RECORD EXTRACTS below:

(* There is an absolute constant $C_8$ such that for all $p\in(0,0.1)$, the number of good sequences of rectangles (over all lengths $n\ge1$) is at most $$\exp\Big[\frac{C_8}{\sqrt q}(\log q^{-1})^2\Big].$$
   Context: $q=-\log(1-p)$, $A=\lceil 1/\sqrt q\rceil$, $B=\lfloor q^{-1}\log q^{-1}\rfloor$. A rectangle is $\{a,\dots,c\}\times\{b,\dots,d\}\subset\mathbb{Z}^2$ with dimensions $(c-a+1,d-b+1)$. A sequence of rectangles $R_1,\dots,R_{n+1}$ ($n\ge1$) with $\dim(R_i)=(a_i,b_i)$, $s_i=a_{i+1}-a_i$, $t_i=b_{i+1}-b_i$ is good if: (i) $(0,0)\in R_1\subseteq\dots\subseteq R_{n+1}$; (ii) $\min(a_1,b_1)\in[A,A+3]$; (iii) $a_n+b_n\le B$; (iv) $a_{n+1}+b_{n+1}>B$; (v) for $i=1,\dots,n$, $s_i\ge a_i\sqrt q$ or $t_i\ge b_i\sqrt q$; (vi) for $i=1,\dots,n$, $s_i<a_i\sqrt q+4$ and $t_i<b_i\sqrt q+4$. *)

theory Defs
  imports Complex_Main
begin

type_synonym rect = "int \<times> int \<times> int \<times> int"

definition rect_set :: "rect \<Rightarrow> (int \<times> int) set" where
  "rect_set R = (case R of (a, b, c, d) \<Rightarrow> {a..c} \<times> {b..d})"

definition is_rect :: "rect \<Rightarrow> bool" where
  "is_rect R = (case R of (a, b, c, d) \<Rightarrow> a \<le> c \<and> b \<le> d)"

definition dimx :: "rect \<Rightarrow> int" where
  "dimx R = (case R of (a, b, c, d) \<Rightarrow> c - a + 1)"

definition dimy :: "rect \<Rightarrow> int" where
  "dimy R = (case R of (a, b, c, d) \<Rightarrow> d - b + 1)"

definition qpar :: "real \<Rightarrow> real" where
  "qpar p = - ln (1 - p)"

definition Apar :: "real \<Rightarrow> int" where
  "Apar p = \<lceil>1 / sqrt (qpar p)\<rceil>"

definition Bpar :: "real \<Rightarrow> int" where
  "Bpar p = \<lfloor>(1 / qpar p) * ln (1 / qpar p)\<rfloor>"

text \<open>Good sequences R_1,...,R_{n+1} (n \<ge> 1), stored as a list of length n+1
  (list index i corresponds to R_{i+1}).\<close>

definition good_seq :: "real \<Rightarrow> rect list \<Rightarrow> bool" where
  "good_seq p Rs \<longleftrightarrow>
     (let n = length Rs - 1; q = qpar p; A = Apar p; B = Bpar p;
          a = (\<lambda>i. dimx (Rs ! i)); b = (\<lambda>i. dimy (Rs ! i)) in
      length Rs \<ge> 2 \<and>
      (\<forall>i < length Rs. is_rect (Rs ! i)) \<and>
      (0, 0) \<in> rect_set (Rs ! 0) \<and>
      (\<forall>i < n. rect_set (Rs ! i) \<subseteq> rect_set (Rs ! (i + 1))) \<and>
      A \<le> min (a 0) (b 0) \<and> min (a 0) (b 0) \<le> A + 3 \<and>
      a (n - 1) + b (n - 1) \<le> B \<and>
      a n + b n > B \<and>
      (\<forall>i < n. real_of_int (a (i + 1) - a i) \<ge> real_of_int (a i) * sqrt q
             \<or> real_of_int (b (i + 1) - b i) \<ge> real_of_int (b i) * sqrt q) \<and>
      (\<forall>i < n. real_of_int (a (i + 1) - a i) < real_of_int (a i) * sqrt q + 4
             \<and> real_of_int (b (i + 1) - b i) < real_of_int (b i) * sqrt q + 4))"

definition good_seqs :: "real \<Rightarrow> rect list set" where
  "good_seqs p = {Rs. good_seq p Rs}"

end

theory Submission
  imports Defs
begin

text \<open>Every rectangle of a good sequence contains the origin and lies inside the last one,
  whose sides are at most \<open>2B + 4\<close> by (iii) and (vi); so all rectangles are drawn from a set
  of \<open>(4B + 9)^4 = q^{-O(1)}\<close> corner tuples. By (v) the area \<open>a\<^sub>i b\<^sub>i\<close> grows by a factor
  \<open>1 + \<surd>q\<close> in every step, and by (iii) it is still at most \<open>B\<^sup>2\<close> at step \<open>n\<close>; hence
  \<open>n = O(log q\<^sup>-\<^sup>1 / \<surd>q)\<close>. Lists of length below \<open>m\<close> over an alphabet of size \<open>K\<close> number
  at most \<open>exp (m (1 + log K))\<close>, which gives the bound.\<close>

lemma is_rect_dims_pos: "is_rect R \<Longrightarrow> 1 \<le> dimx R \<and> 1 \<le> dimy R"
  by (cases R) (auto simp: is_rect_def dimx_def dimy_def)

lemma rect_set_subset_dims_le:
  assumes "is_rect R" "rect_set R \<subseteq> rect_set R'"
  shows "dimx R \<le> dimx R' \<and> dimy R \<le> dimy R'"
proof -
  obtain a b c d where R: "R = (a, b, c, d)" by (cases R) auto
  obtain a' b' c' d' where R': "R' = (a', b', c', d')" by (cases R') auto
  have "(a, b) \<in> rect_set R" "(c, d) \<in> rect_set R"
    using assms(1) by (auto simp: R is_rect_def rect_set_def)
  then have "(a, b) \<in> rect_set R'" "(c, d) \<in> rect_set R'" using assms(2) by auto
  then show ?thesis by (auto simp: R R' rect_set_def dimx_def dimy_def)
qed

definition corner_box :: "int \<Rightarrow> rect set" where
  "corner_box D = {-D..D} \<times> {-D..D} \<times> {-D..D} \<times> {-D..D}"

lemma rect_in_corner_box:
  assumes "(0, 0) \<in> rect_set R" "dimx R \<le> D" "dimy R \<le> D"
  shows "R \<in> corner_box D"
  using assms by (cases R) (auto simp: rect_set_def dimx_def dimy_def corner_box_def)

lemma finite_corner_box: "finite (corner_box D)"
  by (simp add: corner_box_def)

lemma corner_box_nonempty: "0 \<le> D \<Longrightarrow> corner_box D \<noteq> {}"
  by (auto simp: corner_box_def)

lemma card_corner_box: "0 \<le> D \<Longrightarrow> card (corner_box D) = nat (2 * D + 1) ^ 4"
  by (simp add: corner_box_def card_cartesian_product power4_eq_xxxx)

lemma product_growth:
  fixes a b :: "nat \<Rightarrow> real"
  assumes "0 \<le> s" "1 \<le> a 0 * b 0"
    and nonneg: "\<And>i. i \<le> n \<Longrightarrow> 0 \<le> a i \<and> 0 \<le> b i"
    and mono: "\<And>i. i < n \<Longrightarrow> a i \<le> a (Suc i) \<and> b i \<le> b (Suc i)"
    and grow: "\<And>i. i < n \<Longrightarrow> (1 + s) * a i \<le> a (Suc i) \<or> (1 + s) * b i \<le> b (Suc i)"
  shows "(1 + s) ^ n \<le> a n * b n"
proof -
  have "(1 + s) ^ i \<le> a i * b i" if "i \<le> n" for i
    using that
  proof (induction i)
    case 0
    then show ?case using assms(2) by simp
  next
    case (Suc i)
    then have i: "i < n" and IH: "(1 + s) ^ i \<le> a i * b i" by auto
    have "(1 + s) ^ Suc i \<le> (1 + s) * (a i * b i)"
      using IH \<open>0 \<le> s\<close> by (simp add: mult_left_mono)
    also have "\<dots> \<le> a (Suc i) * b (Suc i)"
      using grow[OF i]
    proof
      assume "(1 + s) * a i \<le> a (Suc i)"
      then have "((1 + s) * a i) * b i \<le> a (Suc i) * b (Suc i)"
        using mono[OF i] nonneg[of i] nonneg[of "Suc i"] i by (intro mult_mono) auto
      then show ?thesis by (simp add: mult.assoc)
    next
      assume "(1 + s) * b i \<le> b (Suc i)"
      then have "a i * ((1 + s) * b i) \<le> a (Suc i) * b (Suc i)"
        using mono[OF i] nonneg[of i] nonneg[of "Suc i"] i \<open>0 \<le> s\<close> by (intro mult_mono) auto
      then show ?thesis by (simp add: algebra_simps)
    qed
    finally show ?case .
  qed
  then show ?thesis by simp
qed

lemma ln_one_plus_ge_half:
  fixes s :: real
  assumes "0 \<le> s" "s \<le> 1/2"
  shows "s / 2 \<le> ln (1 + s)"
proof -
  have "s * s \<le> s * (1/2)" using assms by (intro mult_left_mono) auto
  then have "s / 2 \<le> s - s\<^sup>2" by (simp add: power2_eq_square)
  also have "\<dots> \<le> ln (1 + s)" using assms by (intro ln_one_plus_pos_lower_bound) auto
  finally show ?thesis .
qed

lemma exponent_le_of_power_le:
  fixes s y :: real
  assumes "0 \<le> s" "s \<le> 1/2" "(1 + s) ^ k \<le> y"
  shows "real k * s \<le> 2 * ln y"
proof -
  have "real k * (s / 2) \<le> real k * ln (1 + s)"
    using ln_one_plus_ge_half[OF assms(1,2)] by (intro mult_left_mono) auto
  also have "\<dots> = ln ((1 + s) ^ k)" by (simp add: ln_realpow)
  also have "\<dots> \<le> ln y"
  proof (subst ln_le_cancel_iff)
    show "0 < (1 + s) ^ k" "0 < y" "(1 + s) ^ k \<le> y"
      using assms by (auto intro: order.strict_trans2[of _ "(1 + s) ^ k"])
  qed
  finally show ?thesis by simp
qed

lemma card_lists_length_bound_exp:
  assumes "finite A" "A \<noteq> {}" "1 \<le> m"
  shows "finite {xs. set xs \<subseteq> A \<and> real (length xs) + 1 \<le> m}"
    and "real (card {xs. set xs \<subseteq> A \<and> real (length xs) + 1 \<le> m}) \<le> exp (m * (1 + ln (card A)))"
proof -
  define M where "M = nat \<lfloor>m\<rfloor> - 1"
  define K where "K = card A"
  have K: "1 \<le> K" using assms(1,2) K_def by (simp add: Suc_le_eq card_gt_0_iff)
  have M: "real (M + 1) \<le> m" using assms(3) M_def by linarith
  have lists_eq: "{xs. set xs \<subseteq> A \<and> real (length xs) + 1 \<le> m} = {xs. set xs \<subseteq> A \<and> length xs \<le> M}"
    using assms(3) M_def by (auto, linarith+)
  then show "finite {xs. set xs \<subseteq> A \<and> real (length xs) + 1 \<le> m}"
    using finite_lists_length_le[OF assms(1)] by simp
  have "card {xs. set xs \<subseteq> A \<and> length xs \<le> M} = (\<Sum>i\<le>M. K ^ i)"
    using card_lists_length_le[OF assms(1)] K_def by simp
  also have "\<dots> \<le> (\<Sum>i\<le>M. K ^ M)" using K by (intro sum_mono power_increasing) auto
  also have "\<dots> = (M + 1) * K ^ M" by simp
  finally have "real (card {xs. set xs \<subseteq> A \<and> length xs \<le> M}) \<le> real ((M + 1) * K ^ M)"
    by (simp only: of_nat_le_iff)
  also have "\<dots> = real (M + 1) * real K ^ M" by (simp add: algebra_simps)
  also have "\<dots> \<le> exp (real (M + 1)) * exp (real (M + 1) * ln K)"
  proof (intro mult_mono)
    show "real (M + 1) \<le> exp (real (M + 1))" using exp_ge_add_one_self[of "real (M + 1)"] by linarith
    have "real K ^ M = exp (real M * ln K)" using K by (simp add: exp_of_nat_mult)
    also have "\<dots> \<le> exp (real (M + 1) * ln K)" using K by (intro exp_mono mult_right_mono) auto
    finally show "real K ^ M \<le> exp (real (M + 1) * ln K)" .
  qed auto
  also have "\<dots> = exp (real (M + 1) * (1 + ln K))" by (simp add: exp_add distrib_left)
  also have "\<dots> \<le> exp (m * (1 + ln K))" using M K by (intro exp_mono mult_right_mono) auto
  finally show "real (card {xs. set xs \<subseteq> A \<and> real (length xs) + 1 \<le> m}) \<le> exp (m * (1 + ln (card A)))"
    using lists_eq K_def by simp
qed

End of RECORD EXTRACTS.

• _THE PROBLEM_:
Among the lines above, find those holding "Bpar" and copy each one.

• _EXERCISE RESULT_:
definition Bpar :: "real \<Rightarrow> int" where
  "Bpar p = \<lfloor>(1 / qpar p) * ln (1 / qpar p)\<rfloor>"
     (let n = length Rs - 1; q = qpar p; A = Apar p; B = Bpar p;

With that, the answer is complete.